Cause of DMD
Until the 1980s, little was known about the cause of any of the forms of muscular dystrophy. In 1986, MDA-supported researchers identified a gene on the X chromosome that, when flawed (mutated), causes both Duchenne and Becker muscular dystrophies.
Genes contain codes, or recipes, for proteins, which are important biological components in all forms of life. In 1987, the protein associated with this gene was identified and named dystrophin.
DMD occurs because the mutated gene fails to produce virtually any functional dystrophin. (Individuals with Becker MD genetic mutations make dystrophin that is partially functional, which protects their muscles from degenerating as badly or as quickly as in DMD.)
Inheritance in DMD
DMD is inherited in an X-linked pattern, because the gene that can carry a DMD-causing mutation is on the X chromosome. Every boy inherits an X chromosome from his mother and a Y chromosome from his father, which is what makes him male. Girls get two X chromosomes, one from each parent.
Each son born to a woman with a dystrophin mutation on one of her two X chromosomes has a 50 percent chance of inheriting the flawed gene and having DMD. Each of her daughters has a 50 percent chance of inheriting the mutation and being a carrier. Carriers may not have any disease symptoms but can have a child with the mutation or the disease. DMD carriers are at risk for cardiomyopathy.

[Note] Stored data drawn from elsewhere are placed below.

lemma norm_pD_bump_term_le:
  assumes "us \<in> basis_words k" "norm (fst \<theta>) \<le> 1" "norm (fst (snd \<theta>)) \<le> 1" "norm (snd (snd \<theta>)) \<le> 1"
  shows "norm (pD (bump_term \<theta> n) us p) \<le> bump_jet_bound k n p"
proof -
  let ?A = "pD (annulus_bump n) us p" and ?B = "pD (fibre_bump n 1) us p" and ?C = "pD (fibre_bump n 2) us p"
  have "set us \<subseteq> Basis" using assms(1) unfolding basis_words_def by auto
  then have "norm (pD (bump_term \<theta> n) us p) =
      norm (?A *\<^sub>R fst \<theta> + ?B *\<^sub>R fst (snd \<theta>) + ?C *\<^sub>R snd (snd \<theta>))"
    by (simp only: pD_bump_term)
  also have "\<dots> \<le> \<bar>?A\<bar> * norm (fst \<theta>) + \<bar>?B\<bar> * norm (fst (snd \<theta>)) + \<bar>?C\<bar> * norm (snd (snd \<theta>))"
    using norm_triangle_ineq[of "?A *\<^sub>R fst \<theta> + ?B *\<^sub>R fst (snd \<theta>)" "?C *\<^sub>R snd (snd \<theta>)"]
      norm_triangle_ineq[of "?A *\<^sub>R fst \<theta>" "?B *\<^sub>R fst (snd \<theta>)"]
    by (simp only: norm_scaleR)
  also have "\<dots> \<le> \<bar>?A\<bar> + \<bar>?B\<bar> + \<bar>?C\<bar>"
    using assms(2-4) by (intro add_mono mult_right_le_one_le) auto
  also have "\<dots> \<le> bump_jet_bound k n p"
    unfolding bump_jet_bound_def by (rule member_le_sum[OF assms(1)]) (auto simp: finite_basis_words)
  finally show ?thesis .
qed

lemma pD_bump_term_outside_annulus:
  assumes "p \<notin> annulus n"
  shows "pD (bump_term \<theta> n) us p = 0"
proof -
  define S :: "tangent_point set" where "S = {q. q \<bullet> q < real n - 1} \<union> {q. real n + 1 < q \<bullet> q}"
  have S: "open S" "p \<in> S"
    using assms unfolding S_def annulus_def by (auto intro!: open_Un open_Collect_less continuous_intros)
  have "bump_term \<theta> n y = 0" if "y \<in> S" for y
  proof -
    have "1 \<le> \<bar>y \<bullet> y - real n\<bar>" using that unfolding S_def by auto
    then show ?thesis unfolding bump_term_def fibre_bump_def using annulus_bump_eq_0 by simp
  qed
  then have "pD (bump_term \<theta> n) us p = pD (\<lambda>_. 0) us p"
    by (intro pD_cong_open[OF S(1) _ S(2)]) auto
  then show ?thesis by (simp add: pD_zero)
qed
(* Let $m\ge2$, let $K/F$ be a cyclic Galois field extension of degree $m$ with $\mathrm{Gal}(K/F)=\langle\sigma\rangle$, and suppose $F$ has no non-trivial $m$th root of unity. Let $A=(K/F,\sigma,d)$ be a nonassociative cyclic algebra of degree $m$ where $d\in K^\times$ is not contained in any proper subfield of $K$. Then every $F$-automorphism of $A$ restricts to the identity on $K$, and $\mathrm{Aut}_F(A)\cong\ker(N_{K/F})$. In particular, all automorphisms of $A$ are inner.
   Context: For $\sigma\in\mathrm{Aut}(K)$, $K[t;\sigma]$ is the twisted polynomial ring (polynomials $\sum a_it^i$, $a_i\in K$, with multiplication determined by $ta=\sigma(a)t$). For $d\in K^\times$, $(K/F,\sigma,d)$ is the $F$-vector space of polynomials of degree $<m$ in $K[t;\sigma]$ with multiplication $g\circ h=$ remainder of $gh$ on right division by $t^m-d$ (i.e. $gh=q(t^m-d)+r$ with $\deg r<m$); it is a unital nonassociative $F$-algebra containing $K$. An automorphism $G$ of a unital algebra $A$ is inner if there is $c\in A$ with a left inverse $c_l$ (i.e. $c_lc=1$) such that $G(x)=(c_lx)c$ for all $x\in A$. *)

theory Defs
  imports "HOL-Algebra.Group" "HOL-Library.FuncSet"
begin

(* Subfields of the ambient field 'k (the field K is the type 'k itself). *)
definition is_subfield :: "'k::field set \<Rightarrow> bool" where
  "is_subfield L \<longleftrightarrow> 0 \<in> L \<and> 1 \<in> L \<and> (\<forall>x\<in>L. \<forall>y\<in>L. x + y \<in> L \<and> x * y \<in> L)
     \<and> (\<forall>x\<in>L. - x \<in> L) \<and> (\<forall>x\<in>L. x \<noteq> 0 \<longrightarrow> inverse x \<in> L)"

definition field_aut :: "('k::field \<Rightarrow> 'k) \<Rightarrow> bool" where
  "field_aut \<tau> \<longleftrightarrow> bij \<tau> \<and> (\<forall>x y. \<tau> (x + y) = \<tau> x + \<tau> y) \<and> (\<forall>x y. \<tau> (x * y) = \<tau> x * \<tau> y)"

definition Gal :: "'k::field set \<Rightarrow> ('k \<Rightarrow> 'k) set" where
  "Gal F = {\<tau>. field_aut \<tau> \<and> (\<forall>a\<in>F. \<tau> a = a)}"

definition fixed_field :: "('k \<Rightarrow> 'k) set \<Rightarrow> 'k set" where
  "fixed_field H = {x. \<forall>\<tau>\<in>H. \<tau> x = x}"

definition normKF :: "('k::field \<Rightarrow> 'k) \<Rightarrow> nat \<Rightarrow> 'k \<Rightarrow> 'k" where
  "normKF \<sigma> m k = (\<Prod>i<m. (\<sigma> ^^ i) k)"

(* Twisted polynomial ring K[t;sigma]: polynomials sum a_i t^i as finitely
   supported coefficient functions nat => 'k *)
definition tpolys :: "(nat \<Rightarrow> 'k::zero) set" where
  "tpolys = {g. finite {i. g i \<noteq> 0}}"

(* product in K[t;sigma], determined by t a = sigma(a) t:
   (a t^i)(b t^j) = a sigma^i(b) t^(i+j) *)
definition tmult :: "('k::comm_ring_1 \<Rightarrow> 'k) \<Rightarrow> (nat \<Rightarrow> 'k) \<Rightarrow> (nat \<Rightarrow> 'k) \<Rightarrow> nat \<Rightarrow> 'k" where
  "tmult \<sigma> g h n = (\<Sum>i\<le>n. g i * (\<sigma> ^^ i) (h (n - i)))"

definition tm_minus_d :: "nat \<Rightarrow> 'k::comm_ring_1 \<Rightarrow> nat \<Rightarrow> 'k" where
  "tm_minus_d m d = (\<lambda>i. (if i = m then 1 else 0) - (if i = 0 then d else 0))"

(* underlying set of (K/F,sigma,d): polynomials of degree < m *)
definition cyc_carrier :: "nat \<Rightarrow> (nat \<Rightarrow> 'k::zero) set" where
  "cyc_carrier m = {g. \<forall>i\<ge>m. g i = 0}"
lemma abs_network_rhs_diff_le:
  assumes "(i,j) \<in> cells m n" "\<bar>a i j\<bar> \<le> A" "\<bar>coup m n r C f v i j\<bar> \<le> Mc"
    and "\<bar>coup m n r C f v i j - coup m n r C f w i j\<bar> \<le> Lc * vnorm m n (v - w)"
    and "\<bar>w i j\<bar> \<le> H"
  shows "\<bar>network_rhs m n r a C f v z i j - network_rhs m n r a C f w z' i j - (z i j - z' i j)\<bar>
           \<le> (A + Mc + Lc * H) * vnorm m n (v - w)"
proof -
  define c c' where "c = coup m n r C f v i j" and "c' = coup m n r C f w i j"
  have vw: "\<bar>v i j - w i j\<bar> \<le> vnorm m n (v - w)" using abs_le_vnorm[OF assms(1), of "v - w"] by simp
  have "network_rhs m n r a C f v z i j - network_rhs m n r a C f w z' i j - (z i j - z' i j)
          = - (a i j * (v i j - w i j)) - c * (v i j - w i j) - (c - c') * w i j"
    unfolding network_rhs_def c_def c'_def by (simp add: algebra_simps)
  moreover have "\<bar>a i j * (v i j - w i j)\<bar> \<le> A * vnorm m n (v - w)"
    using assms(2) vw by (rule abs_mult_le_mult)
  moreover have "\<bar>c * (v i j - w i j)\<bar> \<le> Mc * vnorm m n (v - w)"
    using assms(3) vw unfolding c_def by (rule abs_mult_le_mult)
  moreover have "\<bar>(c - c') * w i j\<bar> \<le> Lc * vnorm m n (v - w) * H"
    using assms(4,5) unfolding c_def c'_def by (rule abs_mult_le_mult)
  ultimately show ?thesis by (simp add: algebra_simps abs_le_iff)
qed
(* Let $\mathcal{H}$ be a finite-dimensional complex Hilbert space and let $U,V$ be unitary operators on $\mathcal{H}$ satisfying $V^{-1}U^2V=U^3$. Then $UV^{-1}UV=V^{-1}UVU$. *)

theory Defs
  imports "HOL-Analysis.Analysis"
begin

text \<open>A finite-dimensional complex Hilbert space is modelled as C^n (index type 'n, standard
inner product); operators are n x n complex matrices.\<close>

definition cmat_adjoint :: "complex^'n^'m \<Rightarrow> complex^'m^'n" where
  "cmat_adjoint A = (\<chi> i j. cnj (A $ j $ i))"

definition unitary_mat :: "complex^'n^'n \<Rightarrow> bool" where
  "unitary_mat U \<longleftrightarrow> cmat_adjoint U ** U = mat 1 \<and> U ** cmat_adjoint U = mat 1"

end

theory Submission
  imports Defs "HOL-Computational_Algebra.Fundamental_Theorem_Algebra" "HOL-Computational_Algebra.Primes"
begin

(* Put W = V^-1 U V.  The hypothesis says W^2 = U^3, and the conclusion says that
   U and W commute.  Since W commutes with W^2 = U^3, it suffices to show that U is a power
   of U^3, and this holds as soon as U^M = 1 for some M not divisible by 3.

   Let S be the (finite) set of eigenvalues of U.  W is similar to U, so r in S gives the
   eigenvalue r^2 of W^2 = U^3, and hence an eigenvalue m in S with m^3 = r^2.  Iterating
   this map inside the finite set S shows, by a purely arithmetic argument, that every r in S
   is a root of unity of order prime to 3.  Finally, a unitary matrix whose eigenvalues all
   satisfy r^M = 1 satisfies U^M = 1, since the orthogonal complement of the fixed space of
   U^M is U-invariant and would otherwise contain an eigenvector of U. *)

fun mpow :: "'a::comm_ring_1^'n^'n \<Rightarrow> nat \<Rightarrow> 'a^'n^'n" where
  "mpow A 0 = mat 1"
| "mpow A (Suc k) = A ** mpow A k"

lemma mpow_add: "mpow A (a + b) = mpow A a ** mpow A b"
  by (induction a) (auto simp: matrix_mul_assoc)

lemma mpow_mult: "mpow A (a * b) = mpow (mpow A a) b"
  by (induction b) (simp_all add: mpow_add)

lemma mpow_three: "mpow A 3 = A ** A ** A"
  by (simp add: numeral_3_eq_3 matrix_mul_assoc)

lemma mpow_comm:
  assumes "A ** B = B ** A"
  shows "mpow A k ** B = B ** mpow A k"
proof (induction k)
  case 0 then show ?case by simp
next
  case (Suc k)
  have "mpow A (Suc k) ** B = A ** (mpow A k ** B)" by (simp add: matrix_mul_assoc)
  also have "\<dots> = (A ** B) ** mpow A k" using Suc by (simp add: matrix_mul_assoc)
  also have "\<dots> = B ** mpow A (Suc k)" using assms by (simp add: matrix_mul_assoc)
  finally show ?case .
qed

section \<open>Polynomials acting on vectors\<close>

definition papp :: "complex^'n^'n \<Rightarrow> complex poly \<Rightarrow> complex^'n \<Rightarrow> complex^'n" where
  "papp A p x = (\<Sum>k<Suc (degree p). coeff p k *s (mpow A k *v x))"

lemma matrix_vector_sum_right: "(A::complex^'n^'m) *v sum f S = (\<Sum>i\<in>S. A *v f i)"
  by (induction S rule: infinite_finite_induct) (auto simp: matrix_vector_right_distrib)

lemma matrix_vector_sum_left: "sum f S *v (x::complex^'n) = (\<Sum>i\<in>S. f i *v x)"
  by (induction S rule: infinite_finite_induct) (auto simp: matrix_vector_mult_add_rdistrib)

lemma sum_vector_smult_left: "(\<Sum>i\<in>S. c *s f i) = (c::complex) *s sum f S"
  by (simp add: vec_eq_iff sum_distrib_left)
lemma divide_constant_iff:
  fixes a :: real and f :: "'a \<Rightarrow> real"
  assumes "a \<noteq> 0"
  shows "(\<exists>c. \<forall>s\<in>S. a / f s = c) \<longleftrightarrow> (\<exists>K. \<forall>s\<in>S. f s = K)"
proof
  assume "\<exists>c. \<forall>s\<in>S. a / f s = c"
  then obtain c where "\<forall>s\<in>S. a / f s = c" by blast
  \<comment> \<open>Also when \<open>c = 0\<close>, since then \<open>f s = 0 = a / 0\<close>.\<close>
  then have "\<forall>s\<in>S. f s = a / c"
    using assms by (auto simp: field_simps)
  then show "\<exists>K. \<forall>s\<in>S. f s = K" by blast
qed auto

lemma isophotic_iff_constant_inner:
  assumes "\<And>s. s \<in> I \<Longrightarrow> norm (U s) = 1"
  shows "isophotic U I \<longleftrightarrow> (\<exists>d e. norm d = 1 \<and> (\<forall>s\<in>I. U s \<bullet> d = e))"
proof
  assume "\<exists>d e. norm d = 1 \<and> (\<forall>s\<in>I. U s \<bullet> d = e)"
  then obtain d e where d: "norm d = 1" and e: "\<forall>s\<in>I. U s \<bullet> d = e" by blast
  show "isophotic U I"
  proof (cases "I = {}")
    case False
    then obtain s0 where s0: "s0 \<in> I" by blast
    have "\<bar>e\<bar> \<le> 1"
      using Cauchy_Schwarz_ineq2[of "U s0" d] e s0 d assms[OF s0] by simp
    then have "\<forall>s\<in>I. U s \<bullet> d = cos (arccos e)"
      using e by (simp add: cos_arccos_abs)
    with d show ?thesis
      unfolding isophotic_def by blast
  qed (use d in \<open>auto simp: isophotic_def\<close>)
qed (auto simp: isophotic_def)

lemma smooth_curve_on_has_vector_derivative:
  assumes "smooth_curve_on f I" "s \<in> I"
  shows "(f has_vector_derivative vector_derivative f (at s)) (at s)"
proof -
  obtain D where "D 0 = f" "\<forall>n. \<forall>s\<in>I. (D n has_vector_derivative D (Suc n) s) (at s)"
    using assms(1) unfolding smooth_curve_on_def by blast
  then have "(f has_vector_derivative D 1 s) (at s)"
    using assms(2) by auto
  then show ?thesis
    by (simp add: vector_derivative_at)
qed

lemma powr_three_halves_square:
  fixes y :: real
  assumes "y > 0"
  shows "(y\<^sup>2) powr (3/2) = y ^ 3"
proof -
  have "(y\<^sup>2) powr (3/2) = (y powr 2) powr (3/2)"
    using assms by (simp add: powr_realpow)
  also have "\<dots> = y powr 3"
    by (simp add: powr_powr)
  finally show ?thesis
    using assms by (simp add: powr_realpow)
qed

lemma curvature_torsion_ratio_eq:
  fixes k p q :: real
  assumes "k \<noteq> 0" "q \<noteq> 0"
  shows "k\<^sup>2 / (k\<^sup>2 + (- k * p / q)\<^sup>2) powr (3/2) = \<bar>q\<bar> ^ 3 / (\<bar>k\<bar> * sqrt (p\<^sup>2 + q\<^sup>2) ^ 3)"
proof -
  define r where "r = sqrt (p\<^sup>2 + q\<^sup>2)"
  have r: "r > 0" "r\<^sup>2 = p\<^sup>2 + q\<^sup>2"
    using assms(2) by (simp_all add: r_def add_nonneg_pos)
  have "k\<^sup>2 + (- k * p / q)\<^sup>2 = (\<bar>k\<bar> * r / \<bar>q\<bar>)\<^sup>2"
    using assms r(2) by (simp add: field_simps power2_eq_square)
  then have "(k\<^sup>2 + (- k * p / q)\<^sup>2) powr (3/2) = (\<bar>k\<bar> * r / \<bar>q\<bar>) ^ 3"
    using assms r(1) by (simp add: powr_three_halves_square)
  then have "k\<^sup>2 / (k\<^sup>2 + (- k * p / q)\<^sup>2) powr (3/2) = \<bar>k\<bar>\<^sup>2 / (\<bar>k\<bar> * r / \<bar>q\<bar>) ^ 3"
    by simp
  also have "\<dots> = \<bar>q\<bar> ^ 3 / (\<bar>k\<bar> * r ^ 3)"
    using assms r(1) by (simp add: field_simps power2_eq_square power3_eq_cube)
  finally show ?thesis
    unfolding r_def .
qed

locale geodesic_darboux_frame =
  fixes \<gamma> T U V :: "real \<Rightarrow> real^3" and kn \<tau>g :: "real \<Rightarrow> real" and I :: "real set"
  assumes open_I: "open I" and interval_I: "is_interval I"
    and gamma_deriv: "\<And>s. s \<in> I \<Longrightarrow> (\<gamma> has_vector_derivative T s) (at s)"
    and T_deriv: "\<And>s. s \<in> I \<Longrightarrow> (T has_vector_derivative kn s *\<^sub>R U s) (at s)"
    and V_deriv: "\<And>s. s \<in> I \<Longrightarrow> (V has_vector_derivative \<tau>g s *\<^sub>R U s) (at s)"
    and U_deriv: "\<And>s. s \<in> I \<Longrightarrow> (U has_vector_derivative - kn s *\<^sub>R T s - \<tau>g s *\<^sub>R V s) (at s)"
    and T_unit: "\<And>s. s \<in> I \<Longrightarrow> norm (T s) = 1"
    and U_unit: "\<And>s. s \<in> I \<Longrightarrow> norm (U s) = 1"
    and U_T_orthogonal: "\<And>s. s \<in> I \<Longrightarrow> U s \<bullet> T s = 0"
    and V_eq: "\<And>s. s \<in> I \<Longrightarrow> V s = cross3 (U s) (T s)"
begin

lemma frame_inner [simp]:
  assumes "s \<in> I"
  shows "T s \<bullet> T s = 1" "U s \<bullet> U s = 1" "V s \<bullet> V s = 1"
    "U s \<bullet> T s = 0" "T s \<bullet> U s = 0" "V s \<bullet> T s = 0" "T s \<bullet> V s = 0" "V s \<bullet> U s = 0" "U s \<bullet> V s = 0"
proof -
  show "T s \<bullet> T s = 1" "U s \<bullet> U s = 1"
    using T_unit U_unit assms by (simp_all add: dot_square_norm)
  show UT: "U s \<bullet> T s = 0" "T s \<bullet> U s = 0"
    using U_T_orthogonal assms by (simp_all add: inner_commute)
  have "(norm (V s))\<^sup>2 = 1"
    using norm_cross_dot[of "U s" "T s"] V_eq U_unit T_unit UT assms by simp
  then show "V s \<bullet> V s = 1"
    by (simp add: power2_norm_eq_inner)
  show "V s \<bullet> T s = 0" "T s \<bullet> V s = 0" "V s \<bullet> U s = 0" "U s \<bullet> V s = 0"
    using V_eq assms dot_cross_self[of "U s" "T s"] by (auto simp: inner_commute)
qed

Although DMD often runs in a family, it’s possible for a family with no history of DMD to suddenly have a son with the disease. There are two possible explanations:
The genetic mutation leading to DMD may have existed in the females of a family for some generations without anyone knowing it. Perhaps no male children were born with the disease, or, even if a boy in an earlier generation was affected, relatives may not have known what disease he had.
The second possibility is that the child with DMD has a new genetic mutation that arose in one of his mother’s egg cells. Since this mutation isn’t in the mother’s blood cells, it’s impossible to detect by standard carrier testing.
If a mother gives birth to a child with DMD, there’s always the possibility that more than one of her egg cells has a dystrophin gene mutation, putting her at higher than average risk for passing the mutation to another child. And once the new mutation has been passed to a son or daughter, he or she can pass it to the next generation.
A man with DMD can’t pass the flawed gene to his sons because he gives a son a Y chromosome, not an X. But he’ll certainly pass it to his daughters, because each daughter inherits her father’s only X chromosome. They’ll then be carriers, and each of their sons will have a 50 percent chance of developing the disease and so on.